Connecting a Rev. 4 evaluation board
Don't forget to remove the USB-UART jumper, which is normally installed on the Rev. 4 board. Otherwise, you will power the eval board's USB-UART bridge. This causes contention on the serial port used to control the module.
Connecting a Rev. 5 evaluation board (LL3B50)
Connecting a Rev. 6 evaluation board (LL3B60)
With the Rev. 6 eval board, we've tried to make it easier to connect the board to various platforms. You'll need to make sure the 0-ohm resistors circled in purple are installed. Sorry to make you do some soldering!
How to place the evaluation board into bootloader mode manually
The evaluation boards' module can be placed in bootloader mode by sending appropriate host interface commands to the module or manually by driving the BOOT pin low while resetting the module. This article describes how to manually place the evaluation board's module in bootloader mode.
Procedure
- Short the evaluation board's BOOT pin by placing a jumper on the BOOT header.
- Press and release the RESET button.
- Remove the jumper from the BOOT pin.
The module is now in bootloader mode.
How to measure the conducted RF power
It is sometimes useful to characterize the RF power generated by the module on an evaluation board. The module typically operates in a frequency-hopping mode, which makes it difficult to measure the power conducted from the module. For this reason, nomac_test exposes the "--tone" function, which causes the module to emit a non-hopping quasi-continuous-wave tone.
To characterize the power conducted by an evaluation board's module, perform the following steps:
- Connect the evaluation board to a PC using a mini-USB cable. Note the COM port enumerated by the evaluation board. If necessary, first install the USB drivers for the evaluation board.
- Connect the evaluation board's SMA connector to a reliable power meter or spectrum analyzer using coaxial cable. Be sure to insert enough attenuation in the path to prevent damage to the instrument.
- Using nomac_test, send the "--mac_set 0" command to set the module to use MAC mode 0 (NoMac mode). Refer to this article to learn how to use nomac_test. Be sure to address the correct COM port.
- Using nomac_test, send the "--antenna_set 1" command to ensure the module conducts the RF tone to the evaluation board's SMA connector.

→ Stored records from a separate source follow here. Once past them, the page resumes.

(* Let $\mathbb{X}=(X,\tau_{\mathbb{X}})$ be a $T_0$ topological space and $\Omega_0$ a viable base of $\mathbb{X}$. Then the spectral compactification $\widehat{\mathbb{X}}_{\Omega_0}$ is a core-compact space, and the map $\iota:X\to\widehat{X}$, $\iota(x)=\{I\in\mathrm{Idl}(\Omega_0): x\in\bigcup I\}$, is a dense topological embedding (continuous, injective, relatively open, with dense image). That is, $\widehat{\mathbb{X}}_{\Omega_0}$ is a core-compactification of $\mathbb{X}$.
   Context: A viable base of $\mathbb{X}$ is a family $\Omega_0\subseteq\tau_{\mathbb{X}}$ closed under finite unions and finite intersections (so $\emptyset,X\in\Omega_0$) which is a base of $\tau_{\mathbb{X}}$. $\mathrm{Idl}(\Omega_0)$ is the set of ideals (nonempty, downward closed, directed subsets) of $(\Omega_0,\subseteq)$, ordered by inclusion; it is a complete lattice. A completely prime filter of a complete lattice $L$ is a nonempty upward closed $F\subseteq L$ closed under binary meets such that whenever $\bigvee A\in F$ for $A\subseteq L$ then $A\cap F\neq\emptyset$. $\widehat{\mathbb{X}}_{\Omega_0}$ is the set $\widehat{X}$ of completely prime filters of $\mathrm{Idl}(\Omega_0)$ with the (hull-kernel) topology whose open sets are exactly $\mathcal{O}_I=\{y\in\widehat{X}: I\in y\}$, $I\in\mathrm{Idl}(\Omega_0)$. A space is core-compact if its lattice of open sets under inclusion is a continuous lattice. A core-compactification of $\mathbb{X}$ is a core-compact space into which $\mathbb{X}$ embeds as a dense subspace. *)

theory Defs
  imports "HOL-Analysis.Analysis"
begin

definition viable_base :: "'a topology \<Rightarrow> 'a set set \<Rightarrow> bool" where
  "viable_base X \<Omega> \<longleftrightarrow>
     (\<forall>U\<in>\<Omega>. openin X U) \<and> {} \<in> \<Omega> \<and> topspace X \<in> \<Omega> \<and>
     (\<forall>U\<in>\<Omega>. \<forall>V\<in>\<Omega>. U \<union> V \<in> \<Omega> \<and> U \<inter> V \<in> \<Omega>) \<and>
     (\<forall>W. openin X W \<longrightarrow> (\<exists>\<U>. \<U> \<subseteq> \<Omega> \<and> W = \<Union>\<U>))"

definition Idl :: "'a set set \<Rightarrow> 'a set set set" where
  "Idl \<Omega> = {I. I \<subseteq> \<Omega> \<and> I \<noteq> {} \<and>
     (\<forall>U\<in>I. \<forall>V\<in>\<Omega>. V \<subseteq> U \<longrightarrow> V \<in> I) \<and>
     (\<forall>U\<in>I. \<forall>V\<in>I. \<exists>W\<in>I. U \<subseteq> W \<and> V \<subseteq> W)}"

definition is_lub :: "'b set set \<Rightarrow> 'b set set \<Rightarrow> 'b set \<Rightarrow> bool" where
  "is_lub L A J \<longleftrightarrow> J \<in> L \<and> (\<forall>I\<in>A. I \<subseteq> J) \<and>
     (\<forall>K\<in>L. (\<forall>I\<in>A. I \<subseteq> K) \<longrightarrow> J \<subseteq> K)"

definition is_glb :: "'b set set \<Rightarrow> 'b set set \<Rightarrow> 'b set \<Rightarrow> bool" where
  "is_glb L A J \<longleftrightarrow> J \<in> L \<and> (\<forall>I\<in>A. J \<subseteq> I) \<and>
     (\<forall>K\<in>L. (\<forall>I\<in>A. K \<subseteq> I) \<longrightarrow> K \<subseteq> J)"

definition completely_prime_filter :: "'b set set \<Rightarrow> 'b set set \<Rightarrow> bool" where
  "completely_prime_filter L F \<longleftrightarrow>
     F \<subseteq> L \<and> F \<noteq> {} \<and>
     (\<forall>I\<in>F. \<forall>J\<in>L. I \<subseteq> J \<longrightarrow> J \<in> F) \<and>
     (\<forall>I\<in>F. \<forall>J\<in>F. \<forall>K. is_glb L {I, J} K \<longrightarrow> K \<in> F) \<and>
     (\<forall>A J. A \<subseteq> L \<longrightarrow> is_lub L A J \<longrightarrow> J \<in> F \<longrightarrow> A \<inter> F \<noteq> {})"

definition spec_points :: "'a set set \<Rightarrow> 'a set set set set" where
  "spec_points \<Omega> = {F. completely_prime_filter (Idl \<Omega>) F}"

definition spec_compactification :: "'a set set \<Rightarrow> 'a set set set topology" where
  "spec_compactification \<Omega> =
     topology (\<lambda>U. \<exists>I\<in>Idl \<Omega>. U = {y \<in> spec_points \<Omega>. I \<in> y})"

definition iota :: "'a set set \<Rightarrow> 'a \<Rightarrow> 'a set set set" where
  "iota \<Omega> x = {I \<in> Idl \<Omega>. x \<in> \<Union>I}"

definition way_below_open :: "'b topology \<Rightarrow> 'b set \<Rightarrow> 'b set \<Rightarrow> bool" where
  "way_below_open Y U V \<longleftrightarrow>
     (\<forall>\<D>. (\<forall>D\<in>\<D>. openin Y D) \<and> \<D> \<noteq> {} \<and>
           (\<forall>D1\<in>\<D>. \<forall>D2\<in>\<D>. \<exists>D3\<in>\<D>. D1 \<subseteq> D3 \<and> D2 \<subseteq> D3) \<and>
           V \<subseteq> \<Union>\<D> \<longrightarrow> (\<exists>D\<in>\<D>. U \<subseteq> D))"

definition core_compact :: "'b topology \<Rightarrow> bool" where
  "core_compact Y \<longleftrightarrow>
     (\<forall>V. openin Y V \<longrightarrow> V = \<Union>{U. openin Y U \<and> way_below_open Y U V})"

- Using nomac_test, command the module to transmit a continuous-wave tone using the "--tone" command appended with the desired frequency and power. For example, the following picture shows how to command an evaluation board at COM21 to transmit at a frequency of 915 Mhz and power of 26 dBm.
- Record the power measured by the power meter or spectrum analyzer. Be sure to account for any attenuation in the path (connectors, attenuators, cable loss, etc).
- Stop the transmission by sending a different command to the module, such as "--reset_mcu".